● **Aim of the task**
All of the records need to be retyped exactly, with no line dropped.

(Collected data)
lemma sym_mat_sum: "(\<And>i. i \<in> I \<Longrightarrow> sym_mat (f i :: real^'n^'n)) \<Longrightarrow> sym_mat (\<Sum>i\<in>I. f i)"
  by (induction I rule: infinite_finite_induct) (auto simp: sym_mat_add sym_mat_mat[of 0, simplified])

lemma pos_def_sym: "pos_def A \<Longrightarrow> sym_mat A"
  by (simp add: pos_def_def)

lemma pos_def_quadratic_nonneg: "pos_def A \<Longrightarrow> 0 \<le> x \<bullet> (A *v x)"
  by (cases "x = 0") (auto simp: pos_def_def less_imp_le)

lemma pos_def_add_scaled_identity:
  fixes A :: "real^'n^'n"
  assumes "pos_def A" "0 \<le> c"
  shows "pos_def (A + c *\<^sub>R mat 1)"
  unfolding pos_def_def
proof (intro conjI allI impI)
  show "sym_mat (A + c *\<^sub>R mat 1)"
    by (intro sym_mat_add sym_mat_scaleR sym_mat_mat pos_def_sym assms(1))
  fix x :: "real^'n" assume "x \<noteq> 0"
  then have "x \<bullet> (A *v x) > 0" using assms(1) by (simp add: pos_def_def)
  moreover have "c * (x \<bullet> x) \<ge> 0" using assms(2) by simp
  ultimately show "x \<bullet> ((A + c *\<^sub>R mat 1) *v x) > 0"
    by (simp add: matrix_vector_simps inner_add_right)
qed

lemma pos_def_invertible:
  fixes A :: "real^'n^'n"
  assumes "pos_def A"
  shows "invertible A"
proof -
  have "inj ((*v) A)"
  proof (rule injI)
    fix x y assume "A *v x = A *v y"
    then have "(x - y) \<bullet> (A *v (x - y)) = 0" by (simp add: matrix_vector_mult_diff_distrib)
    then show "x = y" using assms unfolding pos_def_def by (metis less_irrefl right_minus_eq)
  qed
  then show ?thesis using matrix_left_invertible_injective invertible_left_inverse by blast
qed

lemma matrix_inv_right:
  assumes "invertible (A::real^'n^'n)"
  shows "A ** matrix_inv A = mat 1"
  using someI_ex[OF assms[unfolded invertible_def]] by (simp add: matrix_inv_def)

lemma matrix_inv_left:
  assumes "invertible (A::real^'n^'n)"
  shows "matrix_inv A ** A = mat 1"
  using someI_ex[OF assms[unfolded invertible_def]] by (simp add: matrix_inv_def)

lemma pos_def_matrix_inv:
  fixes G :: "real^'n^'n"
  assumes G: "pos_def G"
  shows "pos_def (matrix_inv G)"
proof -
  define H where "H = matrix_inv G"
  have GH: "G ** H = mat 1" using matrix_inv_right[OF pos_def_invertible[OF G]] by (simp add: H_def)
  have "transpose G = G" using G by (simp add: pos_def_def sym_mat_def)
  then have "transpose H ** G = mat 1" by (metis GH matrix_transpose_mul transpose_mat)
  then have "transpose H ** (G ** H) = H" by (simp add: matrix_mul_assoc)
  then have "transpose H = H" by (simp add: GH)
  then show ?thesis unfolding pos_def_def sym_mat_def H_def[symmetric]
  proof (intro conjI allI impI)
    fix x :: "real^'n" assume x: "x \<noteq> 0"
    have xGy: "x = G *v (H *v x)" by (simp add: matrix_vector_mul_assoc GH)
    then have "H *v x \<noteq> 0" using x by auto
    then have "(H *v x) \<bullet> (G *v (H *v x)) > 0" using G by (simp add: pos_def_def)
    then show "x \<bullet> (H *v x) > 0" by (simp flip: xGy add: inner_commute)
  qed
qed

● **Completed exercise**
lemma sym_mat_sum: "(\<And>i. i \<in> I \<Longrightarrow> sym_mat (f i :: real^'n^'n)) \<Longrightarrow> sym_mat (\<Sum>i\<in>I. f i)"
  by (induction I rule: infinite_finite_induct) (auto simp: sym_mat_add sym_mat_mat[of 0, simplified])

lemma pos_def_sym: "pos_def A \<Longrightarrow> sym_mat A"
  by (simp add: pos_def_def)

lemma pos_def_quadratic_nonneg: "pos_def A \<Longrightarrow> 0 \<le> x \<bullet> (A *v x)"
  by (cases "x = 0") (auto simp: pos_def_def less_imp_le)

lemma pos_def_add_scaled_identity:
  fixes A :: "real^'n^'n"
  assumes "pos_def A" "0 \<le> c"
  shows "pos_def (A + c *\<^sub>R mat 1)"
  unfolding pos_def_def
proof (intro conjI allI impI)
  show "sym_mat (A + c *\<^sub>R mat 1)"
    by (intro sym_mat_add sym_mat_scaleR sym_mat_mat pos_def_sym assms(1))
  fix x :: "real^'n" assume "x \<noteq> 0"
  then have "x \<bullet> (A *v x) > 0" using assms(1) by (simp add: pos_def_def)
  moreover have "c * (x \<bullet> x) \<ge> 0" using assms(2) by simp
  ultimately show "x \<bullet> ((A + c *\<^sub>R mat 1) *v x) > 0"
    by (simp add: matrix_vector_simps inner_add_right)
qed

lemma pos_def_invertible:
  fixes A :: "real^'n^'n"
  assumes "pos_def A"
  shows "invertible A"
proof -
  have "inj ((*v) A)"
  proof (rule injI)
    fix x y assume "A *v x = A *v y"
    then have "(x - y) \<bullet> (A *v (x - y)) = 0" by (simp add: matrix_vector_mult_diff_distrib)
    then show "x = y" using assms unfolding pos_def_def by (metis less_irrefl right_minus_eq)
  qed
  then show ?thesis using matrix_left_invertible_injective invertible_left_inverse by blast
qed

lemma matrix_inv_right:
  assumes "invertible (A::real^'n^'n)"
  shows "A ** matrix_inv A = mat 1"
  using someI_ex[OF assms[unfolded invertible_def]] by (simp add: matrix_inv_def)

lemma matrix_inv_left:
  assumes "invertible (A::real^'n^'n)"
  shows "matrix_inv A ** A = mat 1"
  using someI_ex[OF assms[unfolded invertible_def]] by (simp add: matrix_inv_def)

lemma pos_def_matrix_inv:
  fixes G :: "real^'n^'n"
  assumes G: "pos_def G"
  shows "pos_def (matrix_inv G)"
proof -
  define H where "H = matrix_inv G"
  have GH: "G ** H = mat 1" using matrix_inv_right[OF pos_def_invertible[OF G]] by (simp add: H_def)
  have "transpose G = G" using G by (simp add: pos_def_def sym_mat_def)
  then have "transpose H ** G = mat 1" by (metis GH matrix_transpose_mul transpose_mat)
  then have "transpose H ** (G ** H) = H" by (simp add: matrix_mul_assoc)
  then have "transpose H = H" by (simp add: GH)
  then show ?thesis unfolding pos_def_def sym_mat_def H_def[symmetric]
  proof (intro conjI allI impI)
    fix x :: "real^'n" assume x: "x \<noteq> 0"
    have xGy: "x = G *v (H *v x)" by (simp add: matrix_vector_mul_assoc GH)
    then have "H *v x \<noteq> 0" using x by auto
    then have "(H *v x) \<bullet> (G *v (H *v x)) > 0" using G by (simp add: pos_def_def)
    then show "x \<bullet> (H *v x) > 0" by (simp flip: xGy add: inner_commute)
  qed
qed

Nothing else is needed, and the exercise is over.